One of the universe’s most iconic supernovae has been observed by the James Webb Space Telescope (JWST), revealing its structure in greater detail than ever before.
SN 1987A is a supernova that lies in the Large Magellanic Cloud. It was first detected in 1987, around 168,000 light years from Earth, making it the nearest stellar explosion observed since Kepler’s supernova was spotted in 1604. Since then, the remnants of SN 1987A have become a firm favourite for astronomers to study.
“It’s close enough that we’ve been able to look at it through lots of different ground-based telescopes, which has actually been very important for astronomers,” says Mikako Matsuura at Cardiff University in the UK.
Now, Matsuura and her colleagues have taken a look with JWST, offering fresh insight into the supernova’s structure and evolution.
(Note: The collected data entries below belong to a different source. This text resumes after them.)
(* Let $A$ with projections $\pi_B:A\to B$, $\pi_C:A\to C$ be a pullback in $\mathbf{Sets}$ of $f_1:B\to D$ and $g_1:C\to D$, where $g_1$ is injective. Then $\mathcal{PP}_a(A)$ with $\mathcal{PP}_a(\pi_B),\mathcal{PP}_a(\pi_C)$ is a pullback of $\mathcal{PP}_a(f_1)$ and $\mathcal{PP}_a(g_1)$ in $\mathbf{Sets}$.
   Context: For a set $M$ whose elements are treated as atoms (urelements, distinct from every set built below), let $S_0=M$, $S_{n+1}=S_n\cup\mathcal{P}(S_n)$, and $\mathcal{PP}_a(M)=\bigcup_{n\ge 0}S_n$. For $f:M\to N$, $\mathcal{PP}_a(f)$ is defined recursively by $\mathcal{PP}_a(f)(x)=f(x)$ for $x\in M$ and $\mathcal{PP}_a(f)(x)=\{\mathcal{PP}_a(f)(x')\mid x'\in x\}$ otherwise; this makes $\mathcal{PP}_a$ a functor $\mathbf{Sets}\to\mathbf{Sets}$. *)

theory Defs
  imports Main
begin

text \<open>
  A HOL type cannot contain PP_a(M) for infinite M (its cardinality is beth_omega(|M|)).
  We therefore work inside an arbitrary universe type 'u equipped with a set-former
  mk :: 'u set => 'u; atoms are elements of 'u.  The hypothesis urelem_encoding mk M
  says that mk is injective on the subsets of PP_a(M) and that built sets are distinct
  from the atoms of M, so that the encoded PP_a(M) is an exact copy of the paper's one.
\<close>

primrec lev :: "('u set \<Rightarrow> 'u) \<Rightarrow> 'u set \<Rightarrow> nat \<Rightarrow> 'u set" where
  "lev mk M 0 = M"
| "lev mk M (Suc n) = lev mk M n \<union> mk ` Pow (lev mk M n)"

definition PPa :: "('u set \<Rightarrow> 'u) \<Rightarrow> 'u set \<Rightarrow> 'u set" where
  "PPa mk M = (\<Union>n. lev mk M n)"

definition urelem_encoding :: "('u set \<Rightarrow> 'u) \<Rightarrow> 'u set \<Rightarrow> bool" where
  "urelem_encoding mk M \<longleftrightarrow>
     inj_on mk (Pow (PPa mk M)) \<and> M \<inter> mk ` Pow (PPa mk M) = {}"

primrec PPmap_lev :: "('u set \<Rightarrow> 'u) \<Rightarrow> 'u set \<Rightarrow> ('u \<Rightarrow> 'u) \<Rightarrow> nat \<Rightarrow> 'u \<Rightarrow> 'u" where
  "PPmap_lev mk M f 0 y = f y"
| "PPmap_lev mk M f (Suc n) y =
     (if y \<in> lev mk M n then PPmap_lev mk M f n y
      else mk (PPmap_lev mk M f n ` inv_into (Pow (lev mk M n)) mk y))"

definition PPmap :: "('u set \<Rightarrow> 'u) \<Rightarrow> 'u set \<Rightarrow> ('u \<Rightarrow> 'u) \<Rightarrow> 'u \<Rightarrow> 'u" where
  "PPmap mk M f y = PPmap_lev mk M f (LEAST n. y \<in> lev mk M n) y"

definition is_pullback ::
  "'a set \<Rightarrow> ('a \<Rightarrow> 'b) \<Rightarrow> ('a \<Rightarrow> 'c) \<Rightarrow> 'b set \<Rightarrow> 'c set \<Rightarrow> 'd set
     \<Rightarrow> ('b \<Rightarrow> 'd) \<Rightarrow> ('c \<Rightarrow> 'd) \<Rightarrow> bool" where
  "is_pullback A pB pC B C D f g \<longleftrightarrow>
     (\<forall>a\<in>A. pB a \<in> B) \<and> (\<forall>a\<in>A. pC a \<in> C) \<and>
     (\<forall>b\<in>B. f b \<in> D) \<and> (\<forall>c\<in>C. g c \<in> D) \<and>
     (\<forall>a\<in>A. f (pB a) = g (pC a)) \<and>
     (\<forall>b\<in>B. \<forall>c\<in>C. f b = g c \<longrightarrow> (\<exists>!a. a \<in> A \<and> pB a = b \<and> pC a = c))"

end

theory Submission
  imports Defs
begin

text \<open>
  Pulling back along an injection g1 makes the projection pB injective, and PP_a preserves
  injective maps; so PP_a(pB) is injective, which gives uniqueness of mediating elements.
  Existence does not need injectivity: given y in PP_a(B) and z in PP_a(C) with the same image
  in PP_a(D), either both are atoms, handled by the pullback A, or y = {y_i} and z = {z_j} are
  built sets with matching images, and by induction on the rank of y the set of all mediating
  elements of pairs (y_i, z_j) with equal images is a preimage of the pair (y, z).
\<close>

lemma image_eq_image_imp_eq:
  assumes "h ` S = h ` T" "T \<subseteq> U" "\<And>s t. s \<in> S \<Longrightarrow> t \<in> U \<Longrightarrow> h s = h t \<Longrightarrow> s = t"
  shows "S = T"
proof
  show "S \<subseteq> T"
  proof
    fix s assume s: "s \<in> S"
    then obtain t where "t \<in> T" "h s = h t" using assms(1) by blast
    then show "s \<in> T" using assms(2,3) s by blast
  qed
  show "T \<subseteq> S"
  proof
    fix t assume t: "t \<in> T"
    then obtain s where "s \<in> S" "h s = h t" using assms(1) by (metis imageE imageI)
    then show "t \<in> S" using assms(2,3) t by blast
  qed
qed

text \<open>The covariant powerset functor preserves weak pullbacks.\<close>

lemma image_mediators_eq:
  assumes "F ` S = G ` T"
    and "\<forall>s\<in>S. \<forall>t\<in>T. F s = G t \<longrightarrow> (\<exists>x\<in>P. p x = s \<and> q x = t)"
  shows "p ` {x\<in>P. p x \<in> S \<and> q x \<in> T} = S" and "q ` {x\<in>P. p x \<in> S \<and> q x \<in> T} = T"
proof -
  show "p ` {x\<in>P. p x \<in> S \<and> q x \<in> T} = S"
  proof
    show "S \<subseteq> p ` {x\<in>P. p x \<in> S \<and> q x \<in> T}"
    proof
      fix s assume s: "s \<in> S"
      then obtain t where "t \<in> T" "F s = G t" using assms(1) by (metis imageE imageI)
      with s show "s \<in> p ` {x\<in>P. p x \<in> S \<and> q x \<in> T}" using assms(2) by force
    qed
  qed auto
  show "q ` {x\<in>P. p x \<in> S \<and> q x \<in> T} = T"
  proof
    show "T \<subseteq> q ` {x\<in>P. p x \<in> S \<and> q x \<in> T}"
    proof
      fix t assume t: "t \<in> T"
      then obtain s where "s \<in> S" "F s = G t" using assms(1) by (metis imageE imageI)
      with t show "t \<in> q ` {x\<in>P. p x \<in> S \<and> q x \<in> T}" using assms(2) by force
    qed
  qed auto
qed

subsection \<open>The levels of PP_a\<close>

lemma lev_mono: "m \<le> n \<Longrightarrow> lev mk M m \<subseteq> lev mk M n"
  by (induction rule: dec_induct) auto

lemma lev_subset_PPa: "lev mk M n \<subseteq> PPa mk M"
  unfolding PPa_def by blast

lemma PPa_lev:
  assumes "x \<in> PPa mk M"
  obtains n where "x \<in> lev mk M n"
  using assms by (auto simp: PPa_def)

lemma mk_in_PPa: "S \<subseteq> lev mk M n \<Longrightarrow> mk S \<in> PPa mk M"
  using lev_subset_PPa[of mk M "Suc n"] by auto

lemma lev_Suc_cases: "x \<in> lev mk M (Suc n) \<Longrightarrow> x \<in> M \<or> (\<exists>S. S \<subseteq> lev mk M n \<and> x = mk S)"
proof (induction n arbitrary: x)
  case (Suc n)
  then show ?case using lev_mono[of n "Suc n" mk M] by auto
qed auto

lemma PPa_cases [consumes 1, case_names atom set]:
  assumes "x \<in> PPa mk M"
  obtains "x \<in> M" | n S where "S \<subseteq> lev mk M n" "x = mk S"
proof -
  obtain n where n: "x \<in> lev mk M n" using assms by (rule PPa_lev)
  show thesis
  proof (cases n)
    case 0 then show ?thesis using n that(1) by simp
  next
    case (Suc m) then show ?thesis using n lev_Suc_cases[of x mk M m] that by blast
  qed
qed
JWST uses infrared light, so the colours in the image above aren’t what you would see with the naked eye.
The blueish area at the centre of the image represents dense clumps of gas and dust expelled by the cosmic explosion.
It is surrounded by a crescent-like structure in red, a previously unseen feature of supernovae remnants. The crescent is probably an outer layer of gas ejecting from the supernova and it is likely to be made up of hydrogen, says Matsuura.
A dazzling ring of matter encircles the blue area and the crescent, arising from material ousted by the original star in the roughly 20,000 years leading up to the supernova explosion. The brightest spots depict the energetic collisions between the matter in the ring and the explosion’s resultant shockwaves.
Neutron stars typically form following a supernova explosion, but SN 1987A’s one remains elusive. “There’s a lot of gas in the centre of the system,” says Matsuura. “The dust grains absorb the light from the neutron star, which is probably why we haven’t picked it up yet.”
These images are some of the most detailed ever captured of a supernova, says Matsuura, who hopes to continue monitoring SN 1987A with JWST. “It’s a very interesting object that allows us to see how supernovae will evolve in time,” she says.